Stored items
(* Let $P$ be a finite poset, $P^*\subseteq P$ a set of marked elements with $\min(P)\cup\max(P)\subseteq P^*$, and $\lambda\colon P^*\to\mathbb{Z}$ an integral order-preserving marking such that $(P,\lambda)$ is regular. The following are equivalent: (i) $P$ is a ranked poset and $\lambda=\lambda^r$ for some rank function $r$ of $P$, i.e. $\lambda(a)=r(a)$ for all $a\in P^*$; (ii) for every partition $P\setminus P^*=C\sqcup O$, the polytope $\mathcal{O}_{C,O}(P,\lambda)\subseteq\mathbb{R}^{P\setminus P^*}$ has a unique interior lattice point $\mathbf{u}$, and the translate $\mathcal{O}_{C,O}(P,\lambda)-\mathbf{u}$ is reflexive.
   Context: $p\prec q$ denotes a covering relation. A marked poset $(P,\lambda)$ is regular if for each covering relation $p\prec q$ in $P$ and all $a,b\in P^*$ with $a\le q$ and $p\le b$, we have $a=b$ or $\lambda(a)<\lambda(b)$. A rank function on $P$ is a map $r\colon P\to\mathbb{Z}$ with $r(p)=r(q)-1$ for every covering relation $p\prec q$; $P$ is ranked if one exists. For a partition $P\setminus P^*=C\sqcup O$, $\mathcal{O}_{C,O}(P,\lambda)\subseteq\mathbb{R}^P$ is the set of all $\mathbf{x}$ with: (1) $x_a=\lambda(a)$ for $a\in P^*$; (2) $x_p\ge0$ for $p\in C$; (3) $x_{p_1}+\cdots+x_{p_r}\le x_b-x_a$ for every saturated chain $a\prec p_1\prec\cdots\prec p_r\prec b$ in $P$ with $a,b\in P^*\sqcup O$, all $p_i\in C$, $r\ge0$; it is regarded as a subset of $\mathbb{R}^{P\setminus P^*}$ via projection onto unmarked coordinates, with interior and lattice points taken in $\mathbb{R}^{P\setminus P^*}$ and $\mathbb{Z}^{P\setminus P^*}$. A polytope $Q\subseteq\mathbb{R}^n$ is reflexive if $0$ lies in its interior, $Q$ is a lattice polytope, and its polar dual $Q^\circ=\{\alpha\in(\mathbb{R}^n)^*:\alpha(\mathbf{x})\le 1\ \forall\mathbf{x}\in Q\}$ is a lattice polytope. *)

theory Defs
  imports "HOL-Analysis.Analysis"
begin

text \<open>The finite poset P is the finite type 'a with its order. Marked elements: a set
  Pstar; the marking is lam :: 'a => int (only its values on Pstar matter).\<close>

definition covers :: "'a::order \<Rightarrow> 'a \<Rightarrow> bool" where
  "covers p q \<longleftrightarrow> p < q \<and> \<not> (\<exists>z. p < z \<and> z < q)"

definition minimal_elems :: "'a::order set" where
  "minimal_elems = {p. \<not> (\<exists>q. q < p)}"

definition maximal_elems :: "'a::order set" where
  "maximal_elems = {p. \<not> (\<exists>q. p < q)}"

definition order_preserving_marking :: "'a::order set \<Rightarrow> ('a \<Rightarrow> int) \<Rightarrow> bool" where
  "order_preserving_marking Pstar lam \<longleftrightarrow>
     (\<forall>a\<in>Pstar. \<forall>b\<in>Pstar. a \<le> b \<longrightarrow> lam a \<le> lam b)"

definition regular_marked :: "'a::order set \<Rightarrow> ('a \<Rightarrow> int) \<Rightarrow> bool" where
  "regular_marked Pstar lam \<longleftrightarrow>
     (\<forall>p q. covers p q \<longrightarrow>
        (\<forall>a\<in>Pstar. \<forall>b\<in>Pstar. a \<le> q \<longrightarrow> p \<le> b \<longrightarrow> a = b \<or> lam a < lam b))"

definition rank_function :: "('a::order \<Rightarrow> int) \<Rightarrow> bool" where
  "rank_function r \<longleftrightarrow> (\<forall>p q. covers p q \<longrightarrow> r p = r q - 1)"

definition ranked :: "'a::order itself \<Rightarrow> bool" where
  "ranked _ \<longleftrightarrow> (\<exists>r::'a \<Rightarrow> int. rank_function r)"

fun cover_chain :: "'a::order list \<Rightarrow> bool" where
  "cover_chain [] = True"
| "cover_chain [x] = True"
| "cover_chain (x # y # zs) = (covers x y \<and> cover_chain (y # zs))"

definition marked_chain_order_polytope_full ::
  "('a::{finite,order}) set \<Rightarrow> ('a \<Rightarrow> int) \<Rightarrow> 'a set \<Rightarrow> 'a set \<Rightarrow> ((real, 'a) vec) set" where
  "marked_chain_order_polytope_full Pstar lam C Op =
     {x. (\<forall>a\<in>Pstar. x $ a = of_int (lam a))
       \<and> (\<forall>p\<in>C. 0 \<le> x $ p)
       \<and> (\<forall>a b ps. a \<in> Pstar \<union> Op \<longrightarrow> b \<in> Pstar \<union> Op \<longrightarrow> set ps \<subseteq> C \<longrightarrow>
              cover_chain (a # ps @ [b]) \<longrightarrow>
              sum_list (map (\<lambda>p. x $ p) ps) \<le> x $ b - x $ a)}"

text \<open>R^{P \ P*} is realised as the coordinate subspace of (real, 'a) vec where all marked
  coordinates vanish; projection onto the unmarked coordinates.\<close>
definition unmarked_space :: "'a::finite set \<Rightarrow> ((real, 'a) vec) set" where
  "unmarked_space Pstar = {y. \<forall>a\<in>Pstar. y $ a = 0}"

definition proj_unmarked :: "'a::finite set \<Rightarrow> (real, 'a) vec \<Rightarrow> (real, 'a) vec" where
  "proj_unmarked Pstar x = (\<chi> i. if i \<in> Pstar then 0 else x $ i)"

definition marked_chain_order_polytope ::
  "('a::{finite,order}) set \<Rightarrow> ('a \<Rightarrow> int) \<Rightarrow> 'a set \<Rightarrow> 'a set \<Rightarrow> ((real, 'a) vec) set" where
  "marked_chain_order_polytope Pstar lam C Op =
     proj_unmarked Pstar ` marked_chain_order_polytope_full Pstar lam C Op"
(* Let $a,b\ge1$, $P=[a]\times[b]$, $n=a+b$. For every $f\in(\mathbb R^+)^P$ and every $1\le k\le n-1$, $$Q(\tau^*_k f)=\sigma_k\,Q(f),$$ i.e. applying the birational toggles of the $k$-th file swaps the $k$-th and $(k+1)$-st entries of the quotient sequence and leaves the others unchanged.
   Context: $[a]\times[b]=\{(i,j)\in\mathbb Z^2:1\le i\le a,\ 1\le j\le b\}$ with the product order. Let $\widehat P=P\cup\{\hat0,\hat1\}$ with $\hat0<x<\hat1$ for all $x\in P$; write $y\lessdot x$ for covering relations; $x^+=\{y\in\widehat P:y\gtrdot x\}$, $x^-=\{y\in\widehat P:y\lessdot x\}$. Each $f:P\to\mathbb R^+$ is extended by $\hat f(\hat0)=\hat f(\hat1)=1$. Parallel sum: $s_1\parallel\cdots\parallel s_m=(1/s_1+\cdots+1/s_m)^{-1}$. The birational toggle $\tau_x$ changes only the value at $x$: $(\tau_xf)(x)=\frac{1}{f(x)}\bigl(\sum_{y\in x^-}\hat f(y)\bigr)\bigl(\|_{y\in x^+}\hat f(y)\bigr)$. The $k$-th file ($1\le k\le n-1$) is $\{(i,j)\in P:j-i+a=k\}$; $\tau^*_k$ is the composition of the (commuting) toggles $\tau_x$ over $x$ in file $k$. For $f\in(\mathbb R^+)^P$ let $p_k=\prod_{x\in\text{file }k}f(x)$ for $1\le k\le n-1$, $p_0=p_n=1$, $q_k=p_k/p_{k-1}$ for $1\le k\le n$; the quotient sequence is $Q(f)=(q_1,\dots,q_n)$. For $w=(w_1,\dots,w_n)$, $\sigma_k(w)=(w_1,\dots,w_{k-1},w_{k+1},w_k,w_{k+2},\dots,w_n)$. *)

theory Defs
  imports Complex_Main
begin

text \<open>The bounded poset: P with adjoined bottom and top.\<close>
datatype 'a hat = Bot | El 'a | Top

definition grid :: "nat \<Rightarrow> nat \<Rightarrow> (nat \<times> nat) set" where
  "grid a b = {(i, j). 1 \<le> i \<and> i \<le> a \<and> 1 \<le> j \<and> j \<le> b}"

definition prod_le :: "nat \<times> nat \<Rightarrow> nat \<times> nat \<Rightarrow> bool" where
  "prod_le p q \<longleftrightarrow> fst p \<le> fst q \<and> snd p \<le> snd q"

definition in_hat :: "(nat \<times> nat) set \<Rightarrow> (nat \<times> nat) hat \<Rightarrow> bool" where
  "in_hat P x \<longleftrightarrow> x = Bot \<or> x = Top \<or> (\<exists>p\<in>P. x = El p)"

fun hat_less :: "(nat \<times> nat) set \<Rightarrow> (nat \<times> nat) hat \<Rightarrow> (nat \<times> nat) hat \<Rightarrow> bool" where
  "hat_less P Bot Top = True"
| "hat_less P Bot (El q) = (q \<in> P)"
| "hat_less P (El p) Top = (p \<in> P)"
| "hat_less P (El p) (El q) = (p \<in> P \<and> q \<in> P \<and> prod_le p q \<and> p \<noteq> q)"
| "hat_less P _ _ = False"

text \<open>Covering relation: covers P y x means y is covered by x in hat P.\<close>
definition covers :: "(nat \<times> nat) set \<Rightarrow> (nat \<times> nat) hat \<Rightarrow> (nat \<times> nat) hat \<Rightarrow> bool" where
  "covers P y x \<longleftrightarrow> in_hat P y \<and> in_hat P x \<and> hat_less P y x \<and>
      \<not> (\<exists>z. in_hat P z \<and> hat_less P y z \<and> hat_less P z x)"

definition up_set :: "(nat \<times> nat) set \<Rightarrow> nat \<times> nat \<Rightarrow> (nat \<times> nat) hat set" where
  "up_set P x = {y. covers P (El x) y}"

definition down_set :: "(nat \<times> nat) set \<Rightarrow> nat \<times> nat \<Rightarrow> (nat \<times> nat) hat set" where
  "down_set P x = {y. covers P y (El x)}"

fun fhat :: "(nat \<times> nat \<Rightarrow> real) \<Rightarrow> (nat \<times> nat) hat \<Rightarrow> real" where
  "fhat f Bot = 1"
| "fhat f Top = 1"
| "fhat f (El p) = f p"

definition par_sum :: "('b \<Rightarrow> real) \<Rightarrow> 'b set \<Rightarrow> real" where
  "par_sum g S = 1 / (\<Sum>y\<in>S. 1 / g y)"

definition toggle :: "(nat \<times> nat) set \<Rightarrow> nat \<times> nat \<Rightarrow> (nat \<times> nat \<Rightarrow> real) \<Rightarrow> (nat \<times> nat \<Rightarrow> real)" where
  "toggle P x f = f(x := (1 / f x) * (\<Sum>y\<in>down_set P x. fhat f y) * par_sum (fhat f) (up_set P x))"

definition grid_file :: "nat \<Rightarrow> nat \<Rightarrow> nat \<Rightarrow> (nat \<times> nat) set" where
  "grid_file a b k = {(i, j) \<in> grid a b. int j - int i + int a = int k}"
lemma nn_integral_potential_barbell_round:
  "(\<integral>\<^sup>+y. ennreal (potential n (minority_size n y)) \<partial>voter_round n E x) =
     ennreal ((3 * split_potential n (m - 1) + (6 * real m - 2) * split_potential n m
       + (2 * real m - 1) * split_potential n (m + 1)) / (8 * real m))"
proof -
  define y where "y u w = (\<lambda>v. if v < n then x v else 0)(s0 := w, t1 := u)" for u w :: nat
  define G where "G u w = potential n (minority_size n (y u w))" for u w
  define H where "H u = G u p / 2 + (G u q + (real m - 1) * G u p) / (2 * real m)" for u
  have G_nonneg: "0 \<le> G u w" for u w by (simp add: G_def potential_nonneg)
  have G: "G u w = split_potential n ((if w = p then m else m - 1) + (if u = p then 1 else 0))"
    if "u \<in> {0,1}" "w \<in> {0,1}" for u w
  proof -
    have "\<forall>v<n. y u w v \<in> {0,1}" using binary that by (simp add: y_def)
    then show ?thesis
      using minority_size_eq_min_count[OF _ opinions_binary(1)] opinion_count_after_round
      by (simp add: G_def split_potential_def y_def)
  qed
  have "(\<integral>\<^sup>+y. ennreal (potential n (minority_size n y)) \<partial>voter_round n E x)
      = (\<integral>\<^sup>+u. \<integral>\<^sup>+w. ennreal (G u w) \<partial>node_update E x s0 \<partial>node_update E x t1)"
    by (simp add: nn_integral_voter_round_barbell G_def y_def)
  also have "\<dots> = (\<integral>\<^sup>+u. ennreal (H u) \<partial>node_update E x t1)"
    by (simp add: nn_integral_node_update_s0 G_nonneg H_def)
  also have "\<dots> = ennreal (H q / 2 + (H q + H p) / 4)"
    using G_nonneg card_minority_ge_1
    by (intro nn_integral_node_update_t1) (simp add: H_def add_nonneg_nonneg)
  also have "H q / 2 + (H q + H p) / 4 = (3 * split_potential n (m - 1)
      + (6 * real m - 2) * split_potential n m + (2 * real m - 1) * split_potential n (m + 1)) / (8 * real m)"
    using opinions_differ opinions_binary card_minority_ge_1 by (simp add: H_def G field_simps)
  finally show ?thesis .
qed
(* Let $\{w^k\}$ be generated by Algorithm 2 (running infinitely) and suppose the sequence $\{\varepsilon^k\}$ is bounded. Then each accumulation point $\bar w$ of $\{w^k\}$ is an M-stationary point of the feasibility problem $\min_w\frac12 d_C^2(G(w))$ s.t. $w\in D$, i.e., $\bar w\in D$ and $0\in G'(\bar w)^*[G(\bar w)-P_C(G(\bar w))]+\mathcal N^{\lim}_D(\bar w)$.
   Context: Standing setting: $\mathbb W,\mathbb Y$ Euclidean spaces; (P) is $\min f(w)$ s.t. $G(w)\in C$, $w\in D$, with $f\colon\mathbb W\to\mathbb R$, $G\colon\mathbb W\to\mathbb Y$ continuously differentiable, $C\subset\mathbb Y$ nonempty closed convex, $D\subset\mathbb W$ nonempty closed. $P_C$ is the Euclidean projection onto $C$, $d_C(y)=\|y-P_C(y)\|$; $\mathcal N^{\lim}_D(\bar w):=\limsup_{w\to\bar w}\operatorname{cone}(w-\Pi_D(w))$ for $\bar w\in D$ ($\Pi_D$ multivalued projection, outer set limit), $\varnothing$ for $\bar w\notin D$. Augmented Lagrangian $\mathcal L_\rho(w,\lambda):=f(w)+\frac\rho2 d_C^2(G(w)+\lambda/\rho)$; $V_\rho(w,u):=\|G(w)-P_C(G(w)+u/\rho)\|$. Algorithm 2: data $\rho_0>0$, $\beta>1$, $\eta\in(0,1)$, $w^0\in D$, a nonempty bounded set $U\subset\mathbb Y$. For $k=0,1,\dots$: choose $u^k\in U$; compute $w^{k+1}$ and $\varepsilon^{k+1}\in\mathbb W$ with $\varepsilon^{k+1}\in\nabla_w\mathcal L_{\rho_k}(w^{k+1},u^k)+\mathcal N^{\lim}_D(w^{k+1})$ (so $w^{k+1}\in D$); set $\lambda^{k+1}:=\rho_k[G(w^{k+1})+u^k/\rho_k-P_C(G(w^{k+1})+u^k/\rho_k)]$; if $k=0$ or $V_{\rho_k}(w^{k+1},u^k)\le\eta V_{\rho_{k-1}}(w^k,u^{k-1})$ set $\rho_{k+1}:=\rho_k$, else $\rho_{k+1}:=\beta\rho_k$. *)

theory Defs
  imports "HOL-Analysis.Analysis"
begin

definition projC :: "'y::euclidean_space set \<Rightarrow> 'y \<Rightarrow> 'y" where
  "projC C y = closest_point C y"

definition distC :: "'y::euclidean_space set \<Rightarrow> 'y \<Rightarrow> real" where
  "distC C y = norm (y - projC C y)"

definition projSet :: "'w::euclidean_space set \<Rightarrow> 'w \<Rightarrow> 'w set" where
  "projSet D w = {p \<in> D. dist w p = infdist w D}"

definition limNormal :: "'w::euclidean_space set \<Rightarrow> 'w \<Rightarrow> 'w set" where
  "limNormal D wbar =
     (if wbar \<in> D then
        {v. \<exists>x vs. x \<longlonglongrightarrow> wbar \<and> vs \<longlonglongrightarrow> v \<and>
              (\<forall>k. vs k \<in> {t *\<^sub>R (x k - p) | t p. t \<ge> 0 \<and> p \<in> projSet D (x k)})}
      else {})"

definition grad :: "('w::euclidean_space \<Rightarrow> real) \<Rightarrow> 'w \<Rightarrow> 'w" where
  "grad F w = (THE g. GDERIV F w :> g)"

definition augLag ::
  "('w::euclidean_space \<Rightarrow> real) \<Rightarrow> ('w \<Rightarrow> 'y::euclidean_space) \<Rightarrow> 'y set
     \<Rightarrow> real \<Rightarrow> 'w \<Rightarrow> 'y \<Rightarrow> real" where
  "augLag f G C \<rho> w lam = f w + \<rho> / 2 * (distC C (G w + lam /\<^sub>R \<rho>))\<^sup>2"
(* Let $(\mathcal G,\lambda)$ be a small morphism-colored groupoid satisfying the inverse-compatibility condition. For $f,g\in\mathrm{Mor}(\mathcal G)$ with $(s_0\circ\lambda_0)(\mathrm{source}(f))=(s_0\circ\lambda_0)(\mathrm{target}(g))$, there exists a composable pair $(f',g')$ of morphisms of $\mathcal G$ (i.e. $\mathrm{source}(f')=\mathrm{target}(g')$) such that $(s_1\circ\lambda_1)(f)=(s_1\circ\lambda_1)(f')$ and $(s_1\circ\lambda_1)(g)=(s_1\circ\lambda_1)(g')$.
   Context: A morphism-colored category is a pair $(\mathcal C,\lambda)$ where $\mathcal C$ is a category and $\lambda$ assigns to each morphism $f$ a color $\lambda(f)$, such that: whenever $g,f_1,f_2$ with $(f_1,f_2)$ composable satisfy $\lambda(g)=\lambda(f_1\circ f_2)$, there exist composable $g_1,g_2$ with $g=g_1\circ g_2$, $\lambda(g_1)=\lambda(f_1)$, $\lambda(g_2)=\lambda(f_2)$. It is a morphism-colored groupoid if $\mathcal C$ is a groupoid, and small if $\mathcal C$ is small and $\lambda$ is a map into a set. Inverse-compatibility: $\lambda(f)=\lambda(g)$ implies $\lambda(f^{-1})=\lambda(g^{-1})$. $I_1=\lambda(\mathrm{Mor}(\mathcal G))$, $\lambda_1$ the corestriction of $\lambda$ to $I_1$; $I_0=\{\lambda(\mathrm{id}_x):x\in\mathrm{Obj}(\mathcal G)\}$, $\lambda_0(x)=\lambda(\mathrm{id}_x)$. The equivalence relation $\overset{1}{\sim}$ on $I_1$: $\lambda(f_1\circ\cdots\circ f_l)\overset{1}{\sim}\lambda(g_1\circ\cdots\circ g_l)$ for every $l\ge1$ and all composable sequences with $\lambda(f_i)=\lambda(g_i)$ for all $i$ (no other pairs); $s_1:I_1\to\bar I_1$ the quotient map. The equivalence relation $\overset{0}{\sim}$ on $I_0$: $\lambda_0(\mathrm{source}(f))\overset{0}{\sim}\lambda_0(\mathrm{source}(g))$ whenever $(s_1\circ\lambda_1)(f)=(s_1\circ\lambda_1)(g)$; $s_0:I_0\to\bar I_0$ the quotient map onto its classes. *)

theory Defs
  imports Main
begin

text \<open>A small category given by explicit carrier sets. comp g f is g \<circ> f,
  defined (meaningfully) when dom g = cod f.\<close>
record ('o, 'm) cat =
  Obj   :: "'o set"
  Mor   :: "'m set"
  dom   :: "'m \<Rightarrow> 'o"
  cod   :: "'m \<Rightarrow> 'o"
  comp  :: "'m \<Rightarrow> 'm \<Rightarrow> 'm"
  ident :: "'o \<Rightarrow> 'm"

- What to do -
Search the records line by line for the word "imports" and copy every line where it appears.

- Finished exercise -
  imports "HOL-Analysis.Analysis"
  imports Complex_Main
  imports "HOL-Analysis.Analysis"
  imports Main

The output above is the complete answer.